Credit: Camper & Nicholsons

Ocean Emerald is a striking superyacht designed by British architect Norman Foster. Built by Rodriguez Yachts, she hit the water in 2009 and is instantly recognisable thanks to her futuristic design and dramatic curved superstructure. She can accommodate 12 guests in five suites, including a full-beam master suite, two VIP cabins and two twins, each with an additional Pullman berth. A glass spiral staircase filters light to the lower deck and links all four decks together.

Code 8

Credit: Thierry Ameller

Code 8 is a 50 metre Benetti motor yacht delivered in 1996 and was the first hull in the Italian shipyard's Golden Bay series.
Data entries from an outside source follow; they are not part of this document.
lemma sum_alpha_beta_nontrivial_unit_roots:
  assumes "odd p" "coprime p q"
  defines "P \<equiv> of_nat p :: complex"
  shows "(\<Sum>u\<in>unit_roots p - {1}. alpha P Q (1 / (u + 1)) + beta P Q (1 / (u + 1)) * (1 / (u ^ q - 1)))
       = ((8 * Q * (4 - P) + 16) / P * ((P ^ 2 - 1) / 4) + (P - 1) * (2 * P * Q)) / 2"
proof -
  have p0: "p > 0" using assms by (auto intro!: odd_pos)
  have P0: "P \<noteq> 0" using p0 by (simp add: P_def)
  let ?A = "unit_roots p - {1}"
  define f where "f u = alpha P Q (1 / (u + 1)) + beta P Q (1 / (u + 1)) * (1 / (u ^ q - 1))" for u
  \<comment> \<open>u \<mapsto> 1/u sends a = 1/(u + 1) to 1 - a and 1/(u^q - 1) to -1 - 1/(u^q - 1)\<close>
  have reflect: "f u + f (inverse u) = (8 * Q * (4 - P) + 16) / P * (1 / (u + 1)) * (1 - 1 / (u + 1)) + 2 * P * Q"
    if u: "u \<in> ?A" for u
  proof -
    have u0: "u \<noteq> 0" using unit_roots_nonzero[OF p0] u by auto
    have u1: "u + 1 \<noteq> 0" using unit_roots_odd_plus_one_nonzero[OF assms(1)] u by auto
    have uq: "u ^ q - 1 \<noteq> 0" using unit_roots_coprime_eq_1[OF assms(2) p0, of u] u by auto
    define a where "a = 1 / (u + 1)"
    have a0: "a \<noteq> 0" and a1: "a \<noteq> 1" using u0 u1 by (simp_all add: a_def field_simps)
    have ia: "1 / (inverse u + 1) = 1 - a" using u0 u1 by (simp add: a_def field_simps)
    have iW: "1 / (inverse u ^ q - 1) = - 1 - 1 / (u ^ q - 1)"
      using uq u0 by (simp add: power_inverse field_simps)
    have "f u + f (inverse u) = alpha P Q a + alpha P Q (1 - a) - beta P Q a"
      unfolding f_def ia iW a_def[symmetric] beta_reflect[OF P0 a0 a1] by (simp add: algebra_simps)
    also have "\<dots> = (8 * Q * (4 - P) + 16) / P * a * (1 - a) + 2 * P * Q"
      by (rule alpha_add_reflect[OF P0 a0 a1])
    finally show ?thesis by (simp add: a_def)
  qed
  have "(\<Sum>u\<in>?A. f u) = (\<Sum>u\<in>?A. f (inverse u))"
    by (rule sum.reindex_bij_witness[where i=inverse and j=inverse]) (auto simp: power_inverse)
  then have "2 * (\<Sum>u\<in>?A. f u) = (\<Sum>u\<in>?A. f u + f (inverse u))"
    by (simp add: sum.distrib)
  also have "\<dots> = (8 * Q * (4 - P) + 16) / P * (\<Sum>u\<in>?A. 1 / (u + 1) * (1 - 1 / (u + 1)))
      + (\<Sum>u\<in>?A. 2 * P * Q)"
    by (simp only: reflect sum.distrib sum_distrib_left mult.assoc cong: sum.cong)
  also have "\<dots> = (8 * Q * (4 - P) + 16) / P * ((P ^ 2 - 1) / 4) + (P - 1) * (2 * P * Q)"
    unfolding sum_nontrivial_unit_roots_inverse_plus_one_complement[OF assms(1)]
    using p0 by (simp add: P_def card_unit_roots of_nat_diff)
  finally have "(\<Sum>u\<in>?A. f u)
      = ((8 * Q * (4 - P) + 16) / P * ((P ^ 2 - 1) / 4) + (P - 1) * (2 * P * Q)) / 2"
    by (simp add: field_simps)
  then show ?thesis unfolding f_def .
qed

section \<open>Evaluation of the double sum\<close>

lemma sum_cot_cot_over_cos_squared_eq_double_sum:
  assumes "coprime p q" "p > 0" "q > 0"
  shows "complex_of_real (\<Sum>n\<in>{n. 1 \<le> n \<and> n \<le> p * q - 1 \<and> \<not> p dvd n \<and> \<not> q dvd n}.
              cot (pi * real n / real p) * cot (pi * real n / real q)
                / (cos (pi * real n / real (p * q)))\<^sup>2)
         = (\<Sum>u\<in>unit_roots p - {1}. \<Sum>v\<in>unit_roots q - {1}. - cot_ratio (u ^ q) * psi p (u * v))"
  unfolding sum_cot_cot_over_cos_squared_eq_unit_roots[OF assms]
    sum_unit_roots_coprime_product[OF assms]
  by (intro sum.cong refl) (simp add: power_mult_distrib)

lemma sum_over_coset_eq_diagonal_term:
  assumes "odd p" "odd q" "coprime p q" "u \<in> unit_roots p"
  defines "P \<equiv> of_nat p :: complex" and "Q \<equiv> of_nat q :: complex"
  shows "(\<Sum>v\<in>unit_roots q - {1}. - cot_ratio (u ^ q) * psi p (u * v))
       = - (8 / P) * (cot_ratio (u ^ q) * twisted_resolvent p q u) + diagonal_term P Q u (u ^ q)"
  unfolding sum_distrib_left[symmetric] sum_psi_over_coset[OF assms(1-4)]
  by (simp add: diagonal_term_def P_def Q_def algebra_simps)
Her interiors were designed by Francois Zuretti but a 2016 overhaul saw fresh styling by Adriel Design. Double sliding glass door lead from the aft deck through to the main saloon with a white oak floor and silk carpet greeting guests as they step inside. A secondary lounge on the upper deck houses two large sofas and coffee tables, a games table and a high-top breakfast bar. Code 8 can sleep up to 12 guests and 11 crewmembers. 

Lucien

Lucien was built by British shipyard Sunseeker and is one of nine Sunseeker 121 models on the water. Unlike her sisterships, she was built with an extended aft cockpit and a large swim platform which adds an additional two metres to her length. Her interior, designed in-house at Sunseeker, features a unique configuration with a private dining room moved to the upper deck allowing for a much larger main saloon.